EXERCISE DIRECTIONS
What lines below mention the word "imports"? Copy each one.
*** Opening of RECORDS SHOWN ***
(* Let $(\mathcal{X},\mathcal{B},\lambda)$ be a measure space with $\lambda$ positive and $\sigma$-finite, $P$ a probability measure with density $f\in\mathcal{L}^2(\mathcal{X},\lambda)$ with respect to $\lambda$, and $X_1,\dots,X_N$ i.i.d. with law $P$. Let $f_1,\dots,f_m\in\mathcal{L}^2$ with $D_k=\int f_k^2d\lambda>0$, and assume there are known constants $C_k>0$ with $|f_k(x)|\le\sqrt{C_kD_k}$ for all $x\in\mathcal{X}$ and all $k$. Let $\varepsilon>0$ and, for each $k$, let $\beta_{k,1},\beta_{k,2}$ be real numbers with $0<\beta_{k,j}<\frac{N}{\sqrt{C_kD_k}}$, $j\in\{1,2\}$. Then with $P^{\otimes N}$-probability at least $1-\varepsilon$, for all $k\in\{1,\dots,m\}$, $$\alpha^{\inf}_k(\varepsilon,\beta_{k,1})\le\overline{\alpha}_k\le\alpha^{\sup}_k(\varepsilon,\beta_{k,2}),$$ where $$\alpha^{\sup}_k(\varepsilon,\beta)=\frac{N-N\exp\left[\frac1N\sum_{i=1}^N\log\left(1-\frac{\beta}{N}f_k(X_i)\right)-\frac{\log\frac{2m}{\varepsilon}}{N}\right]}{D_k\beta},$$ $$\alpha^{\inf}_k(\varepsilon,\beta)=\frac{N\exp\left[\frac1N\sum_{i=1}^N\log\left(1+\frac{\beta}{N}f_k(X_i)\right)-\frac{\log\frac{2m}{\varepsilon}}{N}\right]-N}{D_k\beta}.$$
   Context: $\overline{\alpha}_k=\arg\min_{\alpha\in\mathbb{R}}\int(\alpha f_k-f)^2d\lambda=\frac{\int f_kf\,d\lambda}{D_k}$. *)

theory Defs
  imports "HOL-Probability.Probability"
begin

text \<open>Upper confidence bound; g i stands for f_k(X_i), i < N; D = D_k; m = number of functions.\<close>
definition alpha_sup :: "nat \<Rightarrow> nat \<Rightarrow> real \<Rightarrow> real \<Rightarrow> real \<Rightarrow> (nat \<Rightarrow> real) \<Rightarrow> real" where
  "alpha_sup N m D eps beta g =
     (real N - real N * exp ((1 / real N) * (\<Sum>i<N. ln (1 - beta / real N * g i))
                              - ln (2 * real m / eps) / real N)) / (D * beta)"

definition alpha_inf :: "nat \<Rightarrow> nat \<Rightarrow> real \<Rightarrow> real \<Rightarrow> real \<Rightarrow> (nat \<Rightarrow> real) \<Rightarrow> real" where
  "alpha_inf N m D eps beta g =
     (real N * exp ((1 / real N) * (\<Sum>i<N. ln (1 + beta / real N * g i))
                    - ln (2 * real m / eps) / real N) - real N) / (D * beta)"

text \<open>The L2-projection coefficient: argmin over alpha of the integral of (alpha f_k - f)^2.\<close>
definition alpha_bar :: "'a measure \<Rightarrow> ('a \<Rightarrow> real) \<Rightarrow> ('a \<Rightarrow> real) \<Rightarrow> real" where
  "alpha_bar lam f fk = (\<integral>x. fk x * f x \<partial>lam) / (\<integral>x. (fk x)\<^sup>2 \<partial>lam)"

end

theory Submission
  imports Defs
begin

(* If |g| <= B and 0 < beta B < N, the factors 1 - (beta/N) g(X_i) are positive, so by
   independence their product Z has mean (1 - (beta/N) E g)^N.  Markov's inequality bounds the
   probability that Z exceeds 2m/eps times this mean by eps/(2m); taking logarithms, off this
   event the exponential in alpha_sup is below 1 - (beta/N) E g.  Since E f_k = D_k alpha_bar_k,
   this is the upper bound for g = f_k and the lower bound for g = -f_k, and a union bound over
   the 2m events concludes. *)

lemma PiM_prod_Markov:
  fixes h :: "'a \<Rightarrow> real"
  assumes "sigma_finite_measure P" and "finite I" and h_int: "integrable P h"
    and h_nonneg: "\<And>x. x \<in> space P \<Longrightarrow> 0 \<le> h x"
    and mean_pos: "0 < (\<integral>x. h x \<partial>P)" and "0 < t"
  shows "measure (PiM I (\<lambda>_. P))
           {\<omega> \<in> space (PiM I (\<lambda>_. P)). t * (\<integral>x. h x \<partial>P) ^ card I \<le> (\<Prod>i\<in>I. h (\<omega> i))}
         \<le> 1 / t"
proof -
  interpret product_sigma_finite "\<lambda>_. P"
    using assms(1) by (simp add: product_sigma_finite_def)
  have prod_int: "integrable (PiM I (\<lambda>_. P)) (\<lambda>\<omega>. \<Prod>i\<in>I. h (\<omega> i))"
    using \<open>finite I\<close> h_int by (rule product_integrable_prod)
  have "measure (PiM I (\<lambda>_. P))
          {\<omega> \<in> space (PiM I (\<lambda>_. P)). t * (\<integral>x. h x \<partial>P) ^ card I \<le> (\<Prod>i\<in>I. h (\<omega> i))}
        \<le> (\<integral>\<omega>. (\<Prod>i\<in>I. h (\<omega> i)) \<partial>PiM I (\<lambda>_. P)) / (t * (\<integral>x. h x \<partial>P) ^ card I)"
    using mean_pos \<open>0 < t\<close> h_nonneg
    by (intro integral_Markov_inequality_measure[OF prod_int sets.top] AE_I2 prod_nonneg)
       (auto simp: space_PiM)
  also have "\<dots> = 1 / t"
    using product_integral_prod[OF \<open>finite I\<close> h_int] mean_pos by simp
  finally show ?thesis .
qed

lemma exp_mean_ln_less:
  fixes x :: "nat \<Rightarrow> real"
  assumes "0 < N" and x_pos: "\<And>i. i < N \<Longrightarrow> 0 < x i" and "0 < t" and "0 < a"
    and prod_less: "(\<Prod>i<N. x i) < t * a ^ N"
  shows "exp ((1 / real N) * (\<Sum>i<N. ln (x i)) - ln t / real N) < a"
proof -
  have "(\<Sum>i<N. ln (x i)) = ln (\<Prod>i<N. x i)"
    using x_pos by (intro ln_prod[symmetric]) (auto simp: less_imp_neq[symmetric])
  also have "\<dots> < ln (t * a ^ N)"
    using prod_less x_pos \<open>0 < t\<close> \<open>0 < a\<close> by (subst ln_less_cancel_iff) (auto intro!: prod_pos)
  also have "\<dots> = ln t + real N * ln a"
    using \<open>0 < t\<close> \<open>0 < a\<close> by (simp add: ln_mult ln_realpow)
  finally have "(1 / real N) * (\<Sum>i<N. ln (x i)) - ln t / real N < ln a"
    using \<open>0 < N\<close> by (simp add: field_simps)
  then show ?thesis
    using \<open>0 < a\<close> by (metis exp_less_cancel_iff exp_ln)
qed

lemma (in prob_space) abs_bound_nonneg:
  fixes g :: "'a \<Rightarrow> real"
  assumes "\<And>x. x \<in> space M \<Longrightarrow> \<bar>g x\<bar> \<le> B"
  shows "0 \<le> B"
  using assms[of "SOME x. x \<in> space M"] not_empty by (metis abs_ge_zero order.trans some_in_eq)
*** Close of RECORDS SHOWN ***
ANSWER SECTION
  imports "HOL-Probability.Probability"
  imports Defs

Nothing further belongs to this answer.